El rostro lleno de reproches de la gata. Maleta grande significa muchos días de ausencia. Sobarle la panza y explicarle que vuelvo, que siempre vuelvo. Que jamás la abandonaré, que por ella yo siempre vuelvo a dónde sea, pero que jamás la abandonaré. Y salir rápido. Y montar en el taxi con sentimiento de culpa por dejarla.
Esa tierra de nadie en que se convierten las ciudades los domingos en la tarde.
Las maletas. Siempre las maletas. Niños que lloran. Madres que regañan a sus hijos. Alivio de no tener que viajar con hijos. Un hombre con una jaulita y una mascota no identificada adentro.
El acto de strip-tease obligatorio en el área de revisión.
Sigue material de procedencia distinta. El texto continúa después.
definition max_sub :: "('a set \<Rightarrow> bool) \<Rightarrow> 'a set \<Rightarrow> 'a set \<Rightarrow> bool" where
  "max_sub P M S \<longleftrightarrow> P S \<and> S \<subset> M \<and> (\<forall>T. P T \<and> S \<subseteq> T \<and> T \<subseteq> M \<longrightarrow> T = S \<or> T = M)"

definition Rad :: "('a set \<Rightarrow> bool) \<Rightarrow> 'a set \<Rightarrow> 'a set" where
  "Rad P M = M \<inter> \<Inter>{S. max_sub P M S}"

definition sum_subs :: "'i set \<Rightarrow> ('i \<Rightarrow> 'v::ab_group_add set) \<Rightarrow> 'v set" where
  "sum_subs J W = {\<Sum>i\<in>J. v i | v. \<forall>i\<in>J. v i \<in> W i}"

definition diagram :: "nat \<Rightarrow> 'v::ab_group_add set \<Rightarrow> ('v \<Rightarrow> 'v) \<Rightarrow> ('v \<Rightarrow> 'v) \<Rightarrow> (ix \<Rightarrow> 'v set) \<Rightarrow> bool" where
  "diagram p V vn vc Vi \<longleftrightarrow> FpG_module p V vn vc
     \<and> (\<forall>i\<in>Ip p. Vi i \<subseteq> V \<and> vsub vn vc (Vi i))
     \<and> (\<forall>j\<in>Ip p. sum_subs (Ip p - {j}) Vi = V)
     \<and> (\<forall>i\<in>Ip p. \<forall>r\<in>ZpG p. zpg_mul p (w p i) r = zpg_zero \<longrightarrow> (\<forall>v\<in>Vi i. vact p vn vc r v = 0))"

text \<open>f_i : F_(i) -> V_(i) surjective Lambda_(i)-homomorphism inducing an isomorphism
  F_(i)/Rad F_(i) -> V_(i)/Rad V_(i).\<close>
definition good_cover :: "nat \<Rightarrow> nat \<Rightarrow> ix \<Rightarrow> ('v::ab_group_add \<Rightarrow> 'v) \<Rightarrow> ('v \<Rightarrow> 'v) \<Rightarrow> 'v set
      \<Rightarrow> (fcomp \<Rightarrow> 'v) \<Rightarrow> bool" where
  "good_cover p d i vn vc W fi \<longleftrightarrow>
     fi ` Fcomp p d i = W
     \<and> (\<forall>x\<in>Fcomp p d i. \<forall>y\<in>Fcomp p d i. fi (fc_add p x y) = fi x + fi y)
     \<and> (\<forall>r\<in>ZpG p. \<forall>x\<in>Fcomp p d i. fi (fc_smul p r x) = vact p vn vc r (fi x))
     \<and> fi ` Rad (fsub p) (Fcomp p d i) \<subseteq> Rad (vsub vn vc) W
     \<and> (\<forall>x\<in>Fcomp p d i. fi x \<in> Rad (vsub vn vc) W \<longrightarrow> x \<in> Rad (fsub p) (Fcomp p d i))"

definition ftot :: "nat \<Rightarrow> (ix \<Rightarrow> fcomp \<Rightarrow> 'v::ab_group_add) \<Rightarrow> felt \<Rightarrow> 'v" where
  "ftot p f x = (\<Sum>i\<in>Ip p. f i (x i))"

definition Uker :: "nat \<Rightarrow> (ix \<Rightarrow> nat) \<Rightarrow> (ix \<Rightarrow> fcomp \<Rightarrow> 'v::ab_group_add) \<Rightarrow> felt set" where
  "Uker p d f = {x \<in> Fset p d. ftot p f x = 0}"

inductive_set aug_prod :: "nat \<Rightarrow> zpg set \<Rightarrow> felt set \<Rightarrow> felt set" for p A U where
  zero: "f_zero \<in> aug_prod p A U"
| prod: "a \<in> A \<Longrightarrow> u \<in> U \<Longrightarrow> f_smul p a u \<in> aug_prod p A U"
| add: "x \<in> aug_prod p A U \<Longrightarrow> y \<in> aug_prod p A U \<Longrightarrow> f_add p x y \<in> aug_prod p A U"

text \<open>U_N = U / I_N U is Z_p-torsion free.\<close>
definition UN_torsion_free :: "nat \<Rightarrow> felt set \<Rightarrow> bool" where
  "UN_torsion_free p U \<longleftrightarrow> (\<forall>a\<in>Zp p. a \<noteq> zp_zero \<longrightarrow>
      (\<forall>x\<in>U. f_smul p (zpg_const a) x \<in> aug_prod p (IN p) U \<longrightarrow> x \<in> aug_prod p (IN p) U))"

end

theory Submission
  imports Defs "HOL-Number_Theory.Cong"
begin

text \<open>
  Both \<open>w\<^sub>0 = \<Sigma>G\<close> and \<open>w\<^sub>N = p\<Sigma>N - \<Sigma>G\<close> are \<open>N\<close>-invariant, so the augmentation ideal
  \<open>I\<^sub>N\<close> annihilates \<open>\<Lambda>\<^sub>(\<^sub>0\<^sub>)\<close> and \<open>\<Lambda>\<^sub>(\<^sub>N\<^sub>)\<close>; this gives the inclusion.
  For a subgroup \<open>H \<noteq> N\<close> of order \<open>p\<close> every coset of \<open>N\<close> meets \<open>H\<close> exactly once, hence
  \<open>\<Sigma>N\<close> kills \<open>w\<^sub>H\<close> and the element \<open>p - \<Sigma>N\<close> of \<open>I\<^sub>N\<close> acts on \<open>\<Lambda>\<^sub>(\<^sub>H\<^sub>)\<close> as multiplication by
  \<open>p\<close>. So every \<open>x\<close> in the right hand side satisfies \<open>p x \<in> I\<^sub>N U\<close>, and torsion freeness
  of \<open>U\<^sub>N\<close> gives equality. Conversely, if equality holds and \<open>a x \<in> I\<^sub>N U\<close> with
  \<open>0 \<noteq> a \<in> \<int>\<^sub>p\<close>, then the \<open>0\<close>- and \<open>N\<close>-components of \<open>a x\<close> vanish; as \<open>\<int>\<^sub>pG\<close> is
  \<open>\<int>\<^sub>p\<close>-torsion free, so do those of \<open>x\<close>, whence \<open>x \<in> I\<^sub>N U\<close>.
  The argument works for every \<open>\<int>\<^sub>pG\<close>-submodule \<open>U\<close> of \<open>F\<close>; the diagram only serves to
  make \<open>ker f\<close> one.
\<close>

lemma of_nat_add_diff_mod:
  assumes "b \<le> a + (p::nat)"
  shows "int ((a + p - b) mod p) = (int a - int b) mod int p"
proof -
  have "int (a + p - b) = int a - int b + int p"
    using assms by simp
  then show ?thesis
    by (metis mod_add_self2 of_nat_mod)
qed

lemma add_diff_mod_diff_cancel:
  assumes "0 < (p::nat)" "a < p" "b < p"
  shows "(a + p - (a + p - b) mod p) mod p = b"
proof -
  have "(a + p - b) mod p \<le> a + p"
    using le_trans[OF mod_less_eq_dividend] by simp
  then have "int ((a + p - (a + p - b) mod p) mod p) = int b"
    using assms by (simp add: of_nat_add_diff_mod mod_diff_right_eq)
  then show ?thesis
    by simp
qed

lemma add_mod_diff_cancel:
  assumes "0 < (p::nat)" "a < p" "b < p"
  shows "((a + b) mod p + p - a) mod p = b"
proof -
  have "int (((a + b) mod p + p - a) mod p) = (int ((a + b) mod p) - int a) mod int p"
    using assms by (intro of_nat_add_diff_mod) simp
  also have "\<dots> = int b"
    using assms by (simp add: of_nat_mod mod_diff_left_eq)
  finally show ?thesis
    by simp
qed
Monedas, llaves, laptop, bolso, zapatos, anillos. ¿Reloj? No, me dice la empleada. Y cuando paso, suena la alarma como si toda yo estuviera hecha de plomo. ¡Reloj! me dice un oficial levemente alterado.
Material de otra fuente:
(* Let $N\ge2$, $D>0$, $b_1,\dots,b_N>0$, $0<r_1<\cdots<r_N$, and let $$P_N(\lambda)=D\prod_{j=1}^N(\lambda+r_j)-\sum_{i=1}^N b_i\prod_{j\neq i}(\lambda+r_j),$$ with roots $a_1>a_2>\cdots>a_N$. Set $$b:=\min_i b_i,\quad B:=\max_i b_i,\quad r:=\min_{1\le i\le N-1}(r_{i+1}-r_i),$$ $$\mu:=\min\Big\{\frac{b\,r^{N-1}}{4D(2r_N)^{N-1}+4NB(2r_N)^{N-2}+1},\ \frac r4,\ \frac{r_1}4\Big\}.$$ Then $$|P_N(\lambda)|\ge\frac{b\,r^{N-1}}{2}>0\qquad\text{for all }\lambda\in\bigcup_{j=1}^N[-r_j-\mu,-r_j+\mu],$$ and consequently $|a_i-a_j|\ge2\mu$ for all $1\le i<j\le N$.
   Context: Standing assumptions: $D>0$, $b_i>0$, $0<r_1<\cdots<r_N$. The roots of $P_N$ are real, simple and interlace as $-r_N<a_N<-r_{N-1}<\cdots<-r_1<a_1$. *)

theory Defs
  imports Complex_Main
begin

definition PN :: "nat \<Rightarrow> real \<Rightarrow> (nat \<Rightarrow> real) \<Rightarrow> (nat \<Rightarrow> real) \<Rightarrow> real \<Rightarrow> real" where
  "PN N D b r lam = D * (\<Prod>j\<in>{1..N}. lam + r j)
      - (\<Sum>i\<in>{1..N}. b i * (\<Prod>j\<in>{1..N} - {i}. lam + r j))"

end

theory Submission
  imports Defs
begin

(* Near a pole -r_j, the term b_j * prod_{k ~= j} (lam + r_k) of P_N dominates: the other poles are
   at distance at least r - mu, so by Bernoulli's inequality it is at least (3/4) b r^(N-1).  Every
   other term of P_N contains the factor lam + r_j, of size at most mu, times a product of factors
   bounded by 2 r_N, and the choice of mu makes their total at most (1/4) b r^(N-1).  Hence P_N has
   no root within mu of a pole.  For two roots x < y, either some pole -r_k lies between them, and
   then y - x > 2 mu, or none does; then every b_i / (lam + r_i) is strictly decreasing on [x, y],
   so P_N / prod_k (lam + r_k) = D - sum_i b_i / (lam + r_i) cannot vanish at both x and y. *)

lemma le_of_consecutive_less:
  fixes r :: "nat \<Rightarrow> 'a::order"
  assumes inc: "\<forall>k\<in>{1..<N}. r k < r (k+1)" and "1 \<le> i" "i \<le> j" "j \<le> N"
  shows "r i \<le> r j"
proof (rule lift_Suc_mono_le_ivl[where N = "{1..<N}"])
  show "r k \<le> r (Suc k)" if "k \<in> {1..<N}" for k
    using inc that by (simp add: less_imp_le)
qed (use assms in auto)

lemma gap_le_diff:
  fixes r :: "nat \<Rightarrow> 'a::linordered_ab_group_add"
  assumes inc: "\<forall>k\<in>{1..<N}. r k < r (k+1)" and gap: "\<forall>k\<in>{1..<N}. g \<le> r (k+1) - r k"
    and "1 \<le> i" "i < j" "j \<le> N"
  shows "g \<le> r j - r i"
proof -
  have "r (Suc i) \<le> r j" using le_of_consecutive_less[OF inc] assms by simp
  moreover have "g \<le> r (Suc i) - r i" using gap assms by auto
  ultimately show ?thesis by (simp add: algebra_simps)
qed

lemma three_quarters_le_power_diff:
  fixes g m :: "'a::linordered_field"
  assumes g: "0 < g" and m: "0 \<le> m" "4 * of_nat n * m \<le> g"
  shows "3 / 4 * g ^ n \<le> (g - m) ^ n"
proof (cases "n = 0")
  case True then show ?thesis by simp
next
  case False
  have "m \<le> of_nat n * m" using False m(1) by (simp add: mult_le_cancel_right1)
  then have "3 / 4 \<le> 1 + of_nat n * (- m / g)"
    using g m by (simp add: field_simps)
  also have "\<dots> \<le> (1 + (- m / g)) ^ n"
    using g m \<open>m \<le> of_nat n * m\<close> by (intro Bernoulli_inequality) (simp add: field_simps)
  finally have "3 / 4 * g ^ n \<le> g ^ n * (1 - m / g) ^ n"
    using g by (simp add: mult.commute mult_left_mono)
  also have "\<dots> = (g - m) ^ n"
    using g by (simp add: power_mult_distrib[symmetric] field_simps)
  finally show ?thesis .
qed

lemma abs_prod_le_power:
  fixes f :: "'b \<Rightarrow> 'a::linordered_idom"
  assumes "\<forall>k\<in>T. \<bar>f k\<bar> \<le> M"
  shows "\<bar>prod f T\<bar> \<le> M ^ card T"
  using assms by (induction T rule: infinite_finite_induct) (auto simp: abs_mult intro!: mult_mono)

lemma power_le_abs_prod:
  fixes f :: "'b \<Rightarrow> 'a::linordered_idom"
  assumes "\<forall>k\<in>T. M \<le> \<bar>f k\<bar>" "0 \<le> M"
  shows "M ^ card T \<le> \<bar>prod f T\<bar>"
  using assms by (induction T rule: infinite_finite_induct) (auto simp: abs_mult intro!: mult_mono)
Los personeros de las líneas aéreas gritando nombres de pasajeros atrasados a través de los pasillos. Pasajeros que llegan corriendo a las puertas de salida. Viajeros con una increíble variedad de tamaños, marcas y colores de laptops y netbooks. La gente y sus telefonitos. El frío del aire acondicionado. Señoras empujadas en sillas de ruedas. Alguien que me saluda y que tiene cara conocida pero que por más que intento recordar no sé quién sea. Los lentes oscuros. Mujeres que viajan solas. Una muchacha cargando una guitarra. Una señora indígena, no puedo saber si de Bolivia o Perú, con un pelo largo, largo, largo y un sombrero negro y un collar de piedras rojas. Los desesperados que caminan de un lado a otro para saber si les sirve la conexión de wifi. Los que están viendo sus pantallas como si allí aconteciera lo más importante del mundo.
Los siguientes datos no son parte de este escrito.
text \<open>Even case: P i (i < n) from a_i = hd (P i) to b_i = last (P i), length l/2-2;
Q j (j < m) from c_j = hd (Q j) to d_j = last (Q j), length l/2-1;
R i j means a_i c_j is an edge of A; b_i d_j is an edge of B iff not R i j.
za is the apex of A, zb the apex of B.\<close>

definition even_apexed_frame :: "nat \<Rightarrow> 'a set \<Rightarrow> ('a \<Rightarrow> 'a \<Rightarrow> bool) \<Rightarrow> bool" where
  "even_apexed_frame l V E \<longleftrightarrow> even l \<and> 6 \<le> l \<and>
    (\<exists>(n::nat) (m::nat) (P :: nat \<Rightarrow> 'a list) (Q :: nat \<Rightarrow> 'a list) (R :: nat \<Rightarrow> nat \<Rightarrow> bool) za zb.
       2 \<le> n \<and> 3 \<le> m + n \<and>
       (\<forall>i<n. length (P i) = (l div 2 - 2) + 1) \<and>
       (\<forall>j<m. length (Q j) = (l div 2 - 1) + 1) \<and>
       distinct (concat (map P [0..<n]) @ concat (map Q [0..<m]) @ [za, zb]) \<and>
       (\<forall>i<n. \<forall>i'<n. \<forall>j<m. \<forall>j'<m. i \<noteq> i' \<and> j \<noteq> j' \<longrightarrow>
          \<not> (R i j \<and> R i' j' \<and> \<not> R i j' \<and> \<not> R i' j)) \<and>
       (\<exists>i<n. \<forall>j<m. \<not> R i j) \<and>
       (\<exists>i<n. \<forall>j<m. R i j) \<and>
       V = {za, zb} \<union> (\<Union>i<n. set (P i)) \<union> (\<Union>j<m. set (Q j)) \<and>
       (\<forall>x y. E x y \<longleftrightarrow>
          (\<exists>i<n. path_edge (P i) x y) \<or>
          (\<exists>j<m. path_edge (Q j) x y) \<or>
          (\<exists>j<m. \<exists>j'<m. j \<noteq> j' \<and> x = hd (Q j) \<and> y = hd (Q j')) \<or>
          (\<exists>j<m. \<exists>j'<m. j \<noteq> j' \<and> x = last (Q j) \<and> y = last (Q j')) \<or>
          (\<exists>i<n. \<exists>j<m. R i j \<and>
             ((x = hd (P i) \<and> y = hd (Q j)) \<or> (y = hd (P i) \<and> x = hd (Q j)))) \<or>
          (\<exists>i<n. \<exists>j<m. \<not> R i j \<and>
             ((x = last (P i) \<and> y = last (Q j)) \<or> (y = last (P i) \<and> x = last (Q j)))) \<or>
          (\<exists>w. ((x = za \<and> y = w) \<or> (y = za \<and> x = w)) \<and>
             w \<in> (\<lambda>i. hd (P i)) ` {..<n} \<union> (\<lambda>j. hd (Q j)) ` {..<m}) \<or>
          (\<exists>w. ((x = zb \<and> y = w) \<or> (y = zb \<and> x = w)) \<and>
             w \<in> (\<lambda>i. last (P i)) ` {..<n} \<union> (\<lambda>j. last (Q j)) ` {..<m})))"

definition apexed_frame :: "nat \<Rightarrow> 'a set \<Rightarrow> ('a \<Rightarrow> 'a \<Rightarrow> bool) \<Rightarrow> bool" where
  "apexed_frame l V E \<longleftrightarrow> odd_apexed_frame l V E \<or> even_apexed_frame l V E"

end

theory Submission
  imports Defs
begin

(* Concatenating whole paths, some of them reversed, and single
   end vertices yields a cycle, and this cycle is a hole as soon as the only edges among the ends
   of its pieces are the junctions of consecutive pieces. It remains to find such cycles through
   any two paths and through a path and an apex.
   Odd frames: a connected threshold graph has a dominating vertex, which is isolated in the
   complement, so exactly one of A and B is disconnected; reversing all paths we may assume it
   is A, whose vertices see the apex. Then B is a connected threshold graph, so two non-adjacent
   vertices of B have a common neighbour. If b_i b_j is an edge, apex-P_i-P_j is a hole;
   otherwise a_i a_j is an edge and P_i-b_t-P_j is a hole for a common neighbour b_t of b_i, b_j.
   Even frames: the holes are apex-P_i-apex-P_i', Q_j-Q_j', P_i-apex-Q_j if a_i c_j is an edge
   and apex-Q_j-P_i if not; an a_i isolated in A and a b_i isolated in B put each apex on a hole
   through any given Q_j. *)

section \<open>Paths, cycles and holes\<close>

lemma hd_neq_last: "2 \<le> length xs \<Longrightarrow> distinct xs \<Longrightarrow> hd xs \<noteq> last xs"
  by (cases xs rule: rev_cases) (auto simp: hd_append)

lemma last_concat: "xs \<noteq> [] \<Longrightarrow> last xs \<noteq> [] \<Longrightarrow> last (concat xs) = last (last xs)"
  by (induction xs) (auto simp: last_append)

lemma distinct_concat_map_upt:
  assumes "distinct (concat (map P [0..<k]))" and "i < k"
  shows "distinct (P i) \<and> (\<forall>j<k. \<forall>x\<in>set (P i). x \<in> set (P j) \<longrightarrow> i = j)"
  using assms
proof (induction k arbitrary: i)
  case (Suc k)
  have IH: "distinct (P i) \<and> (\<forall>j<k. \<forall>x\<in>set (P i). x \<in> set (P j) \<longrightarrow> i = j)" if "i < k" for i
    using Suc.IH[OF _ that] Suc.prems(1) by simp
  have "(\<Union>a\<in>{0..<k}. set (P a)) \<inter> set (P k) = {}" and last: "distinct (P k)"
    using Suc.prems(1) by simp_all
  then have "x \<notin> set (P k)" if "i < k" "x \<in> set (P i)" for i x
    using that by (auto simp: atLeast0LessThan)
  then show ?case
    using IH last Suc.prems(2) less_Suc_eq by metis
qed simp

lemma path_edge_Nil [simp]: "\<not> path_edge [] x y"
  unfolding path_edge_def by auto

lemma path_edge_Cons:
  "path_edge (a # xs) x y \<longleftrightarrow>
     (xs \<noteq> [] \<and> ((x = a \<and> y = hd xs) \<or> (y = a \<and> x = hd xs))) \<or> path_edge xs x y"
proof
  assume "path_edge (a # xs) x y"
  then obtain j where "Suc j < length (a # xs)"
    "(x = (a # xs) ! j \<and> y = (a # xs) ! Suc j) \<or> (y = (a # xs) ! j \<and> x = (a # xs) ! Suc j)"
    unfolding path_edge_def by blast
  then show "(xs \<noteq> [] \<and> ((x = a \<and> y = hd xs) \<or> (y = a \<and> x = hd xs))) \<or> path_edge xs x y"
    unfolding path_edge_def by (cases j) (auto simp: hd_conv_nth)
next
  assume "(xs \<noteq> [] \<and> ((x = a \<and> y = hd xs) \<or> (y = a \<and> x = hd xs))) \<or> path_edge xs x y"
  then show "path_edge (a # xs) x y"
  proof
    assume "xs \<noteq> [] \<and> ((x = a \<and> y = hd xs) \<or> (y = a \<and> x = hd xs))"
    then show ?thesis
      unfolding path_edge_def by (intro exI[of _ 0]) (auto simp: hd_conv_nth)
  next
    assume "path_edge xs x y"
    then show ?thesis
      unfolding path_edge_def by (metis Suc_less_eq length_Cons nth_Cons_Suc)
  qed
qed

lemma path_edge_singleton [simp]: "\<not> path_edge [a] x y"
  by (simp add: path_edge_Cons)

lemma path_edge_append:
  assumes "xs \<noteq> []" "ys \<noteq> []"
  shows "path_edge (xs @ ys) x y \<longleftrightarrow> path_edge xs x y \<or> path_edge ys x y \<or>
     (x = last xs \<and> y = hd ys) \<or> (y = last xs \<and> x = hd ys)"
  using assms
proof (induction xs)
  case (Cons a xs)
  then show ?case
    by (cases "xs = []") (auto simp: path_edge_Cons)
qed simp

lemma path_edge_rev [simp]: "path_edge (rev xs) x y = path_edge xs x y"
proof (induction xs)
  case (Cons a xs)
  then show ?case
    by (cases "xs = []") (auto simp: path_edge_append path_edge_Cons hd_rev last_rev)
qed simp

lemma path_edge_in_set: "path_edge xs x y \<Longrightarrow> x \<in> set xs \<and> y \<in> set xs"
  unfolding path_edge_def by auto

lemma path_edge_nth_iff:
  assumes "distinct xs" "i < length xs" "j < length xs"
  shows "path_edge xs (xs ! i) (xs ! j) \<longleftrightarrow> j = Suc i \<or> i = Suc j"
  using assms nth_eq_iff_index_eq[OF assms(1)] unfolding path_edge_def
  by (metis Suc_lessD)

lemma path_edge_irrefl: "distinct xs \<Longrightarrow> \<not> path_edge xs x x"
  unfolding path_edge_def by (metis Suc_lessD n_not_Suc_n nth_eq_iff_index_eq)

lemma is_holeI:
  assumes "distinct cs" and "4 \<le> length cs" and "set cs \<subseteq> V"
    and "\<And>x y. x \<in> set cs \<Longrightarrow> y \<in> set cs \<Longrightarrow>
      E x y \<longleftrightarrow> path_edge cs x y \<or> (x = hd cs \<and> y = last cs) \<or> (y = hd cs \<and> x = last cs)"
  shows "is_hole V E cs"
  unfolding is_hole_def
proof (intro conjI allI impI assms(1-3))
  fix i j assume i: "i < length cs" and j: "j < length cs"
  have "cs \<noteq> []" using assms(2) by auto
  then have ends: "hd cs = cs ! 0" "last cs = cs ! (length cs - 1)"
    by (simp_all add: hd_conv_nth last_conv_nth)
  have "E (cs ! i) (cs ! j) \<longleftrightarrow> (j = Suc i \<or> i = Suc j) \<or>
      (i = 0 \<and> j = length cs - 1) \<or> (j = 0 \<and> i = length cs - 1)"
    using assms(4)[of "cs ! i" "cs ! j"] path_edge_nth_iff[OF assms(1) i j] i j ends
      nth_eq_iff_index_eq[OF assms(1)] by (metis diff_less length_pos_if_in_set nth_mem zero_less_one)
  also have "\<dots> \<longleftrightarrow> j = Suc i mod length cs \<or> i = Suc j mod length cs"
    using i j assms(2) by (auto simp: mod_Suc)
  finally show "E (cs ! i) (cs ! j) \<longleftrightarrow> j = Suc i mod length cs \<or> i = Suc j mod length cs" .
qed

fun joins :: "'a list list \<Rightarrow> 'a \<Rightarrow> 'a \<Rightarrow> bool" where
  "joins (b # c # bs) x y \<longleftrightarrow> (x = last b \<and> y = hd c) \<or> joins (c # bs) x y"
| "joins _ x y \<longleftrightarrow> False"

lemma joins_snoc:
  "bs \<noteq> [] \<Longrightarrow> joins (bs @ [c]) x y \<longleftrightarrow> joins bs x y \<or> (x = last (last bs) \<and> y = hd c)"
  by (induction bs x y rule: joins.induct) auto

lemma joins_ends: "joins bs x y \<Longrightarrow> x \<in> last ` set bs \<and> y \<in> hd ` set bs"
  by (induction bs x y rule: joins.induct) auto

lemma path_edge_concat:
  assumes "[] \<notin> set bs"
  shows "path_edge (concat bs) x y \<longleftrightarrow> (\<exists>b\<in>set bs. path_edge b x y) \<or> symclp (joins bs) x y"
  using assms
proof (induction bs x y rule: joins.induct)
  case (1 b c bs x y)
  then show ?case
    by (auto simp: path_edge_append symclp_def)
qed (auto simp: symclp_def)

locale linked_paths =
  fixes paths :: "'a list set" and link :: "'a \<Rightarrow> 'a \<Rightarrow> bool" and E :: "'a \<Rightarrow> 'a \<Rightarrow> bool"
  assumes distinct_paths: "p \<in> paths \<Longrightarrow> distinct p"
    and paths_nonempty: "p \<in> paths \<Longrightarrow> p \<noteq> []"
    and paths_disjoint: "p \<in> paths \<Longrightarrow> q \<in> paths \<Longrightarrow> x \<in> set p \<Longrightarrow> x \<in> set q \<Longrightarrow> p = q"
    and link_at_ends: "link x y \<Longrightarrow> p \<in> paths \<Longrightarrow> w \<in> {x, y} \<Longrightarrow> w \<in> set p \<Longrightarrow>
      w = hd p \<or> w = last p"
    and E_iff: "E x y \<longleftrightarrow> (\<exists>p\<in>paths. path_edge p x y) \<or> link x y"
begin

definition path_blocks :: "'a list list \<Rightarrow> bool" where
  "path_blocks bs \<longleftrightarrow> (\<forall>b\<in>set bs. (\<exists>p\<in>paths. b = p \<or> b = rev p) \<or>
     (\<exists>a. b = [a] \<and> (\<forall>p\<in>paths. a \<in> set p \<longrightarrow> set p \<inter> set (concat bs) \<subseteq> {a})))"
Los incómodos asientos. Eso que llaman comida (hamburguesas, pollos fritos, sandwiches que son más pan que otra cosa). La tentación de las tiendas libres. Probar perfumes. Preguntar precios. Botellas de licor. Pensar que algún compraré esto o aquello.
La melancolía de viajes pasados. La nostalgia de las terminales. Los recuerdos de antiguas despedidas. Un hombre que se aleja visto a través del vidrio. Un correo enviado para un amante que se fue. La tristeza acumulada que queda guardada en las paredes, en los pasillos, en los asientos y que parece se contagia a las avalanchas diarias de nuevos viajeros con nuevas tristezas y nuevas despedidas. Puerto de entradas y salidas.
La sed. El siempre ácido café de los aeropuertos.
Deseo de escuchar Music for Airports de Brian Eno. Ojalá sonara en este lugar para no tener que escuchar esa abominable versión instrumental de “Tears in Heaven” de Eric Clapton. Pero gracias a eso, recordar esa belleza de canción, “River of Tears”, también de Clapton: “All I know is, since you’ve been gone/I feel like I’m drowning in a river,/Drowning in a river of tears”.
Las despedidas de los amantes en los aeropuertos. La pareja que se besa antes de entrar a migración, él con un ramo de rosas blancas. Los que se besan en la puerta de salida, apasionadamente, como en una película, él notablemente mayor que ella. Ella se va en el pasillo que la llevará al avión, él se va a su puerta a tomar otro vuelo. Recuerdo de mis propias despedidas. Mi corazón cruje como el corazón de la estatua del Príncipe Feliz en el cuento de Oscar Wilde.
La oscuridad que se hace afuera, despacio, imperceptible. Las siluetas de los aviones. Toda una vida de viajes. De aeropuertos. De rostros que jamás se vuelven a ver. De aerolíneas. De maletas. De autopistas. Ir y regresar y en cada viaje, lo juro, cambiar de alguna manera. Algo que uno aprende. Algo de lo que uno se desprende.
El rugir de un avión que despega. El rumor de un avión que aterriza. Las luces rojas, las señales. Afuera, en la zona de salida de pasajeros, imagino, habrá alguien feliz que espera un arribo. En alguna parte del mundo, quizás, alguien esperará por mí algún día.
Ese territorio extraño, ese mundo comprimido que es un aeropuerto.